==== Data extracts
(* Let $P\subseteq\mathbb{R}^7$ be an associative $3$-plane. Then $\Theta(P) = \Lambda^2(P)\oplus(P\lrcorner\varphi)$, i.e. $\Theta(P) = \Lambda^2(P) + (P\lrcorner\varphi)$ and $\Lambda^2(P)\cap(P\lrcorner\varphi) = \{0\}$; this direct sum is not orthogonal.
   Context: Equip $\mathbb{R}^7$ with its standard inner product, orientation and basis $e_1,\dots,e_7$. Let $\varphi = e_{123} - e_{167} - e_{527} - e_{563} - e_{415} - e_{426} - e_{437}$ ($e_{ijk} = e_i\wedge e_j\wedge e_k$), $\psi = \star\varphi = e_{4567} - e_{4523} - e_{4163} - e_{4127} - e_{2637} - e_{1537} - e_{1526}$, and define $\times$ by $\langle u \times v, w \rangle = \varphi(u,v,w)$. A $3$-dimensional subspace is associative if closed under $\times$. For $u,v$: $u\wedge v$ is the 2-form $(a,b)\mapsto \langle u,a\rangle\langle v,b\rangle - \langle u,b\rangle\langle v,a\rangle$; $u\lrcorner\varphi$ is the 2-form $(a,b)\mapsto \varphi(u,a,b)$; $\Psi_{uv}$ is the 2-form $(a,b)\mapsto\psi(u,v,a,b)$. $P\lrcorner\varphi = \{u\lrcorner\varphi : u\in P\}$, $\Lambda^2(P) = \mathrm{Span}\{u\wedge v: u,v\in P\}$, $\Psi(P) = \mathrm{Span}\{\Psi_{uv} : u,v\in P\}$, and $\Theta(P) = \Lambda^2(P)\oplus\Psi(P)$. The inner product on $\Lambda^2$ is $\langle X,Y\rangle = \sum_{i,j}X(e_i,e_j)Y(e_i,e_j)$. *)

theory Defs
  imports "HOL-Analysis.Analysis"
begin

text \<open>Vectors of R^7 are elements of real^7. The basis vector e_n (n = 1..7) is
  axis (n::7) 1; in the numeral type 7 the indices 1,...,6,7 are the seven distinct
  elements (7 = 0 in this type). k-forms are multilinear maps real^7 => ... => real.\<close>

definition ebasis :: "7 \<Rightarrow> real^7" where
  "ebasis i = axis i 1"

definition elem_form :: "7 list \<Rightarrow> (real^7) list \<Rightarrow> real" where
  "elem_form idx vs =
     (\<Sum>p | p permutes {..<length idx}.
        of_int (sign p) * (\<Prod>l<length idx. (vs ! (p l)) $ (idx ! l)))"

definition phi :: "real^7 \<Rightarrow> real^7 \<Rightarrow> real^7 \<Rightarrow> real" where
  "phi a b c =
     elem_form [1,2,3] [a,b,c] - elem_form [1,6,7] [a,b,c] - elem_form [5,2,7] [a,b,c]
   - elem_form [5,6,3] [a,b,c] - elem_form [4,1,5] [a,b,c] - elem_form [4,2,6] [a,b,c]
   - elem_form [4,3,7] [a,b,c]"

definition psi :: "real^7 \<Rightarrow> real^7 \<Rightarrow> real^7 \<Rightarrow> real^7 \<Rightarrow> real" where
  "psi a b c d =
     elem_form [4,5,6,7] [a,b,c,d] - elem_form [4,5,2,3] [a,b,c,d]
   - elem_form [4,1,6,3] [a,b,c,d] - elem_form [4,1,2,7] [a,b,c,d]
   - elem_form [2,6,3,7] [a,b,c,d] - elem_form [1,5,3,7] [a,b,c,d]
   - elem_form [1,5,2,6] [a,b,c,d]"

text \<open>Cross product: the unique vector with <u x v, w> = phi(u,v,w), i.e. its i-th
  component is phi(u,v,e_i).\<close>
definition cross7 :: "real^7 \<Rightarrow> real^7 \<Rightarrow> real^7" where
  "cross7 u v = (\<chi> i. phi u v (ebasis i))"

definition associative :: "(real^7) set \<Rightarrow> bool" where
  "associative P \<longleftrightarrow> subspace P \<and> dim P = 3 \<and> (\<forall>u\<in>P. \<forall>v\<in>P. cross7 u v \<in> P)"

text \<open>A (bilinear) 2-form is represented by its component matrix X(e_i,e_j); with this
  representation the inner product X \<bullet> Y on real^7^7 is exactly
  sum_{i,j} X(e_i,e_j) Y(e_i,e_j).\<close>
definition form2 :: "(real^7 \<Rightarrow> real^7 \<Rightarrow> real) \<Rightarrow> real^7^7" where
  "form2 B = (\<chi> i j. B (ebasis i) (ebasis j))"

definition wedge2 :: "real^7 \<Rightarrow> real^7 \<Rightarrow> real^7^7" where
  "wedge2 u v = form2 (\<lambda>a b. inner u a * inner v b - inner u b * inner v a)"

definition contr_phi :: "real^7 \<Rightarrow> real^7^7" where
  "contr_phi u = form2 (\<lambda>a b. phi u a b)"

definition Psi2 :: "real^7 \<Rightarrow> real^7 \<Rightarrow> real^7^7" where
  "Psi2 u v = form2 (\<lambda>a b. psi u v a b)"

definition contr_phi_set :: "(real^7) set \<Rightarrow> (real^7^7) set" where
  "contr_phi_set P = contr_phi ` P"

definition Lambda2 :: "(real^7) set \<Rightarrow> (real^7^7) set" where
  "Lambda2 P = span {wedge2 u v | u v. u \<in> P \<and> v \<in> P}"

definition PsiP :: "(real^7) set \<Rightarrow> (real^7^7) set" where
  "PsiP P = span {Psi2 u v | u v. u \<in> P \<and> v \<in> P}"

definition Theta :: "(real^7) set \<Rightarrow> (real^7^7) set" where
  "Theta P = {X + Y | X Y. X \<in> Lambda2 P \<and> Y \<in> PsiP P}"

end

theory Submission
  imports Defs
begin

(* Everything rests on the identity Psi_uv = u /\ v - (u x v) _| phi.
   Since P is closed under x, it puts Psi(P) inside Lambda^2(P) + P _| phi. Conversely,
   for w in P pick v in P nonzero and orthogonal to w; then w = v x (w x v) / |v|^2
   with w x v in P, so w _| phi lies in Lambda^2(P) + Psi(P).
   Both remaining claims come from the pairing <u /\ v, w _| phi> = 2 phi(w,u,v).
   If a is a nonzero vector orthogonal to P, every element of Lambda^2(P) is orthogonal
   to a /\ (w x a), while w _| phi pairs with it to 2 |w x a|^2, which vanishes only
   for w = 0. For orthogonal nonzero u, v in P the pairing of u /\ v with
   (u x v) _| phi is 2 |u x v|^2 > 0. *)

lemma sum_permutes_insert_sign:
  fixes g :: "(nat \<Rightarrow> nat) \<Rightarrow> 'a::comm_ring_1"
  assumes "finite S" "a \<notin> S"
  shows "(\<Sum>p | p permutes insert a S. of_int (sign p) * g p) =
    (\<Sum>b\<in>insert a S. (if a = b then 1 else -1) *
       (\<Sum>q | q permutes S. of_int (sign q) * g (Transposition.transpose a b \<circ> q)))"
proof -
  have sign_swap: "of_int (sign (Transposition.transpose a b \<circ> q)) =
      (if a = b then 1 else -1) * (of_int (sign q) :: 'a)" if "q permutes S" for b q
    using that assms(1)
    by (simp add: sign_compose permutation_swap_id permutes_imp_permutation sign_swap_id)
  show ?thesis
    unfolding sum_over_permutations_insert[OF assms] sum_distrib_left
    by (intro sum.cong refl) (simp add: sign_swap)
qed

lemma elem_form_3:
  "elem_form [i, j, k] [a, b, c] =
     a$i * (b$j * c$k - b$k * c$j) - a$j * (b$i * c$k - b$k * c$i) + a$k * (b$i * c$j - b$j * c$i)"
  unfolding elem_form_def
  by (simp add: numeral_3_eq_3 lessThan_Suc sum_permutes_insert_sign algebra_simps)

lemma elem_form_4:
  "elem_form [i, j, k, l] [a, b, c, d] =
     a$i * elem_form [j, k, l] [b, c, d] - b$i * elem_form [j, k, l] [a, c, d]
   + c$i * elem_form [j, k, l] [a, b, d] - d$i * elem_form [j, k, l] [a, b, c]"
  unfolding elem_form_3 unfolding elem_form_def
  by (simp add: numeral_3_eq_3 lessThan_Suc sum_permutes_insert_sign algebra_simps)

lemma exhaust_7:
  fixes x :: 7
  shows "x = 1 \<or> x = 2 \<or> x = 3 \<or> x = 4 \<or> x = 5 \<or> x = 6 \<or> x = 7"
proof (induct x)
  case (of_int z)
  then have "z = 0 \<or> z = 1 \<or> z = 2 \<or> z = 3 \<or> z = 4 \<or> z = 5 \<or> z = 6" by fastforce
  then show ?case by auto
qed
========
Problem description
For the string "transpose", show each line of the entries above where it occurs.

Exercise response
       (\<Sum>q | q permutes S. of_int (sign q) * g (Transposition.transpose a b \<circ> q)))"
  have sign_swap: "of_int (sign (Transposition.transpose a b \<circ> q)) =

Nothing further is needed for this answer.